Sent from my iPhone using PG Free


----------



## skwidmeals (Jul 31, 2012)

TaZoR said:


> If you go to my profile, and click on my album.. I have alot of pics showing how my very dark shepherd has changed from 7 weeks to 9 months. I think he is still changing. If you're interested.


Love your dog I hope my dog looks like yours I love the black mask faces


Sent from my iPhone using PG Free


----------



## Lucy Dog (Aug 10, 2008)

skwidmeals said:


> Okay he has "tar heels" will that go away too?

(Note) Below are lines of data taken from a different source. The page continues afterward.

(* Fix an agent $i\in\mathit{Agt}$. For each operator $O\in\{\mathcal{A}_i,\mathcal{R}_i,\mathcal{A}^{\mathsf{real}}_i,\mathcal{R}^{\mathsf{real}}_i\}$ the operator $O$ is not expressible by means of the other modalities of $\mathcal{L}$ (including each other): there exist an atom $p\in\mathit{Atm}$ such that no formula $\varphi\in\mathcal{L}$ in which no operator of the same kind as $O$ occurs (i.e. no $\mathcal{A}_j$ if $O=\mathcal{A}_i$, no $\mathcal{R}_j$ if $O=\mathcal{R}_i$, no $\mathcal{A}^{\mathsf{real}}_j$ if $O=\mathcal{A}^{\mathsf{real}}_i$, no $\mathcal{R}^{\mathsf{real}}_j$ if $O=\mathcal{R}^{\mathsf{real}}_i$, for any agent $j$) satisfies $\models O\,p\leftrightarrow\varphi$.
   Context: Let $\mathit{Agt}=\{1,\dots,n\}$ be a finite set of agents and $\mathit{Atm}$ a countably infinite set of atoms containing, for each $i\in\mathit{Agt}$, special atoms $\mathsf{rew}_i$ ("$i$ gets a reward") and $\mathsf{pun}_i$ ("$i$ gets a punishment"). The language $\mathcal{L}_0$ is given by $\alpha::=p\mid\neg\alpha\mid\alpha\wedge\alpha\mid \triangle_i\alpha$ ($p\in\mathit{Atm}$, $i\in\mathit{Agt}$; $\triangle_i\alpha$ = "$i$ explicitly believes $\alpha$"); $\to,\vee,\leftrightarrow,\top,\bot$ are the usual abbreviations. A state is a tuple $S=((B_i)_{i\in\mathit{Agt}},V)$ with $B_i\subseteq\mathcal{L}_0$ (belief base) and $V\subseteq\mathit{Atm}$; $\mathbf{S}$ is the set of all states. Truth of $\mathcal{L}_0$-formulas: $S\models p$ iff $p\in V$; Boolean clauses as usual; $S\models\triangle_i\alpha$ iff $\alpha\in B_i$. Define $\mathit{Des}_i(S)=\{\alpha\in\mathcal{L}_0:(\alpha\to\mathsf{rew}_i)\in B_i\}$ and $\mathit{Und}_i(S)=\{\alpha\in\mathcal{L}_0:(\alpha\to\mathsf{pun}_i)\in B_i\}$. Relations on $\mathbf{S}$: $S\,\mathcal{E}_i\,S'$ iff $S'\models\alpha$ for all $\alpha\in B_i$ (where $B_i$ is $i$'s base in $S$); $S\,\mathcal{A}_i\,S'$ iff $S'\models\alpha$ for some $\alpha\in\mathit{Des}_i(S)$; $S\,\mathcal{R}_i\,S'$ iff $S'\models\alpha$ for some $\alpha\in\mathit{Und}_i(S)$. A model is a pair $(S,U)$ with $S\in U\subseteq\mathbf{S}$. The language $\mathcal{L}$ is $\varphi::=\alpha\mid\neg\varphi\mid\varphi\wedge\varphi\mid\Box_i\varphi\mid\mathcal{A}_i\varphi\mid\mathcal{R}_i\varphi\mid\mathcal{A}^{\mathsf{real}}_i\varphi\mid\mathcal{R}^{\mathsf{real}}_i\varphi$ with $\alpha\in\mathcal{L}_0$. Semantics: $(S,U)\models\alpha$ iff $S\models\alpha$; Boolean clauses as usual; $(S,U)\models\Box_i\varphi$ iff for all $S'\in U$ with $S\mathcal{E}_iS'$, $(S',U)\models\varphi$; $(S,U)\models\mathcal{A}_i\varphi$ iff for all $S'\in U$ with $(S',U)\models\varphi$, $S\mathcal{A}_iS'$; $(S,U)\models\mathcal{R}_i\varphi$ iff for all $S'\in U$ with $(S',U)\models\varphi$, $S\mathcal{R}_iS'$; $(S,U)\models\mathcal{A}^{\mathsf{real}}_i\varphi$ iff for all $S'\in U$ with $(S',U)\models\varphi$ and $S\mathcal{E}_iS'$, $S\mathcal{A}_iS'$; $(S,U)\models\mathcal{R}^{\mathsf{real}}_i\varphi$ iff for all $S'\in U$ with $(S',U)\models\varphi$ and $S\mathcal{E}_iS'$, $S\mathcal{R}_iS'$. A formula is valid ($\models\varphi$) if it is true in every model $(S,U)$. *)

theory Defs
  imports Main
begin

text \<open>Agents: a finite (nonempty) type 'a, playing the role of Agt = {1,...,n}.
Atoms: a countably infinite set containing rew_i and pun_i for every agent i.\<close>

datatype 'a atm = Rew 'a | Pun 'a | Prop nat

datatype 'a fm0 = Atom "'a atm" | Neg0 "'a fm0" | Conj0 "'a fm0" "'a fm0" | Bel 'a "'a fm0"

definition Imp0 :: "'a fm0 \<Rightarrow> 'a fm0 \<Rightarrow> 'a fm0" where
  "Imp0 a b = Neg0 (Conj0 a (Neg0 b))"

text \<open>States: belief bases for each agent, and a valuation.\<close>
type_synonym 'a state = "('a \<Rightarrow> 'a fm0 set) \<times> 'a atm set"

fun sat0 :: "'a state \<Rightarrow> 'a fm0 \<Rightarrow> bool" where
  "sat0 S (Atom p) = (p \<in> snd S)"
| "sat0 S (Neg0 a) = (\<not> sat0 S a)"
| "sat0 S (Conj0 a b) = (sat0 S a \<and> sat0 S b)"
| "sat0 S (Bel i a) = (a \<in> fst S i)"

definition Des :: "'a \<Rightarrow> 'a state \<Rightarrow> 'a fm0 set" where
  "Des i S = {a. Imp0 a (Atom (Rew i)) \<in> fst S i}"

definition Und :: "'a \<Rightarrow> 'a state \<Rightarrow> 'a fm0 set" where
  "Und i S = {a. Imp0 a (Atom (Pun i)) \<in> fst S i}"

definition relE :: "'a \<Rightarrow> 'a state \<Rightarrow> 'a state \<Rightarrow> bool" where
  "relE i S S' = (\<forall>a \<in> fst S i. sat0 S' a)"

definition relA :: "'a \<Rightarrow> 'a state \<Rightarrow> 'a state \<Rightarrow> bool" where
  "relA i S S' = (\<exists>a \<in> Des i S. sat0 S' a)"

definition relR :: "'a \<Rightarrow> 'a state \<Rightarrow> 'a state \<Rightarrow> bool" where
  "relR i S S' = (\<exists>a \<in> Und i S. sat0 S' a)"

datatype 'a fm =
    Base "'a fm0"
  | Neg "'a fm"
  | Conj "'a fm" "'a fm"
  | Box 'a "'a fm"
  | Att 'a "'a fm"
  | Rep 'a "'a fm"
  | AttR 'a "'a fm"
  | RepR 'a "'a fm"

definition Imp :: "'a fm \<Rightarrow> 'a fm \<Rightarrow> 'a fm" where
  "Imp a b = Neg (Conj a (Neg b))"

definition Iff :: "'a fm \<Rightarrow> 'a fm \<Rightarrow> 'a fm" where
  "Iff a b = Conj (Imp a b) (Imp b a)"

text \<open>Truth in a model (S,U); U is the universe of states.\<close>
fun sat :: "'a state set \<Rightarrow> 'a state \<Rightarrow> 'a fm \<Rightarrow> bool" where
  "sat U S (Base a) = sat0 S a"
| "sat U S (Neg f) = (\<not> sat U S f)"
| "sat U S (Conj f g) = (sat U S f \<and> sat U S g)"
| "sat U S (Box i f) = (\<forall>S'\<in>U. relE i S S' \<longrightarrow> sat U S' f)"
| "sat U S (Att i f) = (\<forall>S'\<in>U. sat U S' f \<longrightarrow> relA i S S')"
| "sat U S (Rep i f) = (\<forall>S'\<in>U. sat U S' f \<longrightarrow> relR i S S')"
| "sat U S (AttR i f) = (\<forall>S'\<in>U. sat U S' f \<and> relE i S S' \<longrightarrow> relA i S S')"
| "sat U S (RepR i f) = (\<forall>S'\<in>U. sat U S' f \<and> relE i S S' \<longrightarrow> relR i S S')"

definition valid :: "'a fm \<Rightarrow> bool" where
  "valid f = (\<forall>U S. S \<in> U \<longrightarrow> sat U S f)"

datatype kind = KAtt | KRep | KAttR | KRepR

fun mk_op :: "kind \<Rightarrow> 'a \<Rightarrow> 'a fm \<Rightarrow> 'a fm" where
  "mk_op KAtt i f = Att i f"
| "mk_op KRep i f = Rep i f"
| "mk_op KAttR i f = AttR i f"
| "mk_op KRepR i f = RepR i f"

fun occurs :: "kind \<Rightarrow> 'a fm \<Rightarrow> bool" where
  "occurs k (Base a) = False"
| "occurs k (Neg f) = occurs k f"
| "occurs k (Conj f g) = (occurs k f \<or> occurs k g)"
| "occurs k (Box i f) = occurs k f"
| "occurs k (Att i f) = (k = KAtt \<or> occurs k f)"
| "occurs k (Rep i f) = (k = KRep \<or> occurs k f)"
| "occurs k (AttR i f) = (k = KAttR \<or> occurs k f)"
| "occurs k (RepR i f) = (k = KRepR \<or> occurs k f)"

end

(*
  For a kind k we build two models U1 <= U2 over the same uniform belief bases: every agent
  believes all odd atoms false and every positive even atom rewarding (if k is an attraction
  kind) or punishing (otherwise). A world W, a set of naturals read as the true Prop atoms,
  is then epistemically accessible iff it contains only even numbers, and desirable
  (resp. undesirable) iff it contains a positive even number. U2 adds a single world T to U1,
  a Prop 0-world that is a counterexample for O (Prop 0), so O (Prop 0) is true in U1 and
  false in U2. A formula without operators of kind k only mentions atoms below some n, and
  every modality it may use can see T only when U1 has a world agreeing with T below n that
  the modality sees as well; a bounded zig-zag argument then shows that the formula has the
  same truth value in U1 and U2.
*)
theory Submission
  imports Defs
begin

lemma sat_Iff_if_valid:
  assumes "valid (Iff \<psi> \<phi>)" "S \<in> U"
  shows "sat U S \<psi> \<longleftrightarrow> sat U S \<phi>"
proof -
  have "sat U S (Iff \<psi> \<phi>)"
    using assms unfolding valid_def by blast
  then show ?thesis
    by (auto simp: Iff_def Imp_def)
qed

fun prop_bound0 :: "'a fm0 \<Rightarrow> nat" where
  "prop_bound0 (Atom p) = (case p of Prop m \<Rightarrow> Suc m | _ \<Rightarrow> 0)"
| "prop_bound0 (Neg0 \<alpha>) = prop_bound0 \<alpha>"
| "prop_bound0 (Conj0 \<alpha> \<beta>) = max (prop_bound0 \<alpha>) (prop_bound0 \<beta>)"
| "prop_bound0 (Bel j \<alpha>) = 0"  \<comment> \<open>\<open>sat0\<close> never evaluates atoms under \<open>Bel\<close>\<close>

fun prop_bound :: "'a fm \<Rightarrow> nat" where
  "prop_bound (Base \<alpha>) = prop_bound0 \<alpha>"
| "prop_bound (Neg \<phi>) = prop_bound \<phi>"
| "prop_bound (Conj \<phi> \<psi>) = max (prop_bound \<phi>) (prop_bound \<psi>)"
| "prop_bound (Box j \<phi>) = prop_bound \<phi>"
| "prop_bound (Att j \<phi>) = prop_bound \<phi>"
| "prop_bound (Rep j \<phi>) = prop_bound \<phi>"
| "prop_bound (AttR j \<phi>) = prop_bound \<phi>"
| "prop_bound (RepR j \<phi>) = prop_bound \<phi>"

definition agree_below :: "nat \<Rightarrow> 'a state \<Rightarrow> 'a state \<Rightarrow> bool" where
  "agree_below n X Y \<longleftrightarrow> fst X = fst Y \<and> snd X - Prop ` {n..} = snd Y - Prop ` {n..}"

lemma sat0_agree_below:
  assumes "agree_below n X Y" "prop_bound0 \<alpha> \<le> n"
  shows "sat0 X \<alpha> = sat0 Y \<alpha>"
  using assms(2)
proof (induction \<alpha>)
  case (Atom p)
  then have "p \<notin> Prop ` {n..}"
    by (cases p) auto
  with assms(1) show ?case
    unfolding agree_below_def by auto
qed (use assms(1) in \<open>auto simp: agree_below_def\<close>)

definition zig_zag :: "('s \<Rightarrow> 's \<Rightarrow> bool) \<Rightarrow> 's set \<Rightarrow> 's set \<Rightarrow> ('s \<Rightarrow> 's \<Rightarrow> bool) \<Rightarrow> bool" where
  "zig_zag Z U1 U2 T \<longleftrightarrow>
     (\<forall>X Y X'. Z X Y \<and> X' \<in> U1 \<and> T X X' \<longrightarrow> (\<exists>Y'\<in>U2. T Y Y' \<and> Z X' Y')) \<and>
     (\<forall>X Y Y'. Z X Y \<and> Y' \<in> U2 \<and> T Y Y' \<longrightarrow> (\<exists>X'\<in>U1. T X X' \<and> Z X' Y'))"

lemma zig_zag_bex_iff:
  assumes "zig_zag Z U1 U2 T" "Z X Y" "\<And>X' Y'. Z X' Y' \<Longrightarrow> P X' \<longleftrightarrow> Q Y'"
  shows "(\<exists>X'\<in>U1. T X X' \<and> P X') \<longleftrightarrow> (\<exists>Y'\<in>U2. T Y Y' \<and> Q Y')"
  using assms unfolding zig_zag_def by metis

fun counter_rel :: "kind \<Rightarrow> 'a \<Rightarrow> 'a state \<Rightarrow> 'a state \<Rightarrow> bool" where
  "counter_rel KAtt j S S' \<longleftrightarrow> \<not> relA j S S'"
| "counter_rel KRep j S S' \<longleftrightarrow> \<not> relR j S S'"
| "counter_rel KAttR j S S' \<longleftrightarrow> relE j S S' \<and> \<not> relA j S S'"
| "counter_rel KRepR j S S' \<longleftrightarrow> relE j S S' \<and> \<not> relR j S S'"

lemma sat_mk_op: "sat U S (mk_op k j \<phi>) \<longleftrightarrow> \<not> (\<exists>S'\<in>U. counter_rel k j S S' \<and> sat U S' \<phi>)"
  by (cases k) auto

Not sure what they'll do to be honest. What did mom and dad look like? He'll probably resemble them. Did they have tar heels?

Can you post some better pictures? It's kind of hard to tell from the ones you gave in that first post.


----------



## skwidmeals (Jul 31, 2012)

Here's a crappy pic of mom , dad was a regular saddle back, and some single pics of him


Sent from my iPhone using PG Free


----------



## skwidmeals (Jul 31, 2012)

Penciling and tar heels first pic is front right foot second is back right foot


Sent from my iPhone using PG Free


----------



## paulag1955 (Jun 29, 2010)

Lucy Dog said:


> Yep... saddle back. He'll lighten up a lot as he grows. All of the black and tans start off much darker as pups.


How can you tell he will be a saddle back and not a blanket back? I'm keenly interested in knowing this.


----------



## Anthony8858 (Sep 18, 2011)

To give you an idea just how much they change, my Kira went from _this_ to _this_.
As you can see, she had lots more black as a pup.

10 weeks, and 13 months:


----------



## skwidmeals (Jul 31, 2012)

Anthony8858 said:


> To give you an idea just how much they change, my Kira went from _this_ to _this_.
> As you can see, she had lots more black as a pup.
> 
> 10 weeks, and 13 months:


Oh my gosh crazy! I sure am hoping for a blanket back though but either way I will love him 


Sent from my iPhone using PG Free


----------



## Anthony8858 (Sep 18, 2011)

skwidmeals said:


> Oh my gosh crazy! I sure am hoping for a blanket back though but either way I will love him
> 
> 
> Sent from my iPhone using PG Free


 
Haha...
To be honest, now that I look at that picture, Oh my Gosh, crazy is right 

Big difference


----------



## wildo (Jul 27, 2006)

With the extension of black all the way down the legs, and with the tar heels (I really don't see much penciling in that photo) this pup could be a bi-color, perhaps. I never can remember how to tell the difference...



paulag1955 said:


> How can you tell he will be a saddle back and not a blanket back? I'm keenly interested in knowing this.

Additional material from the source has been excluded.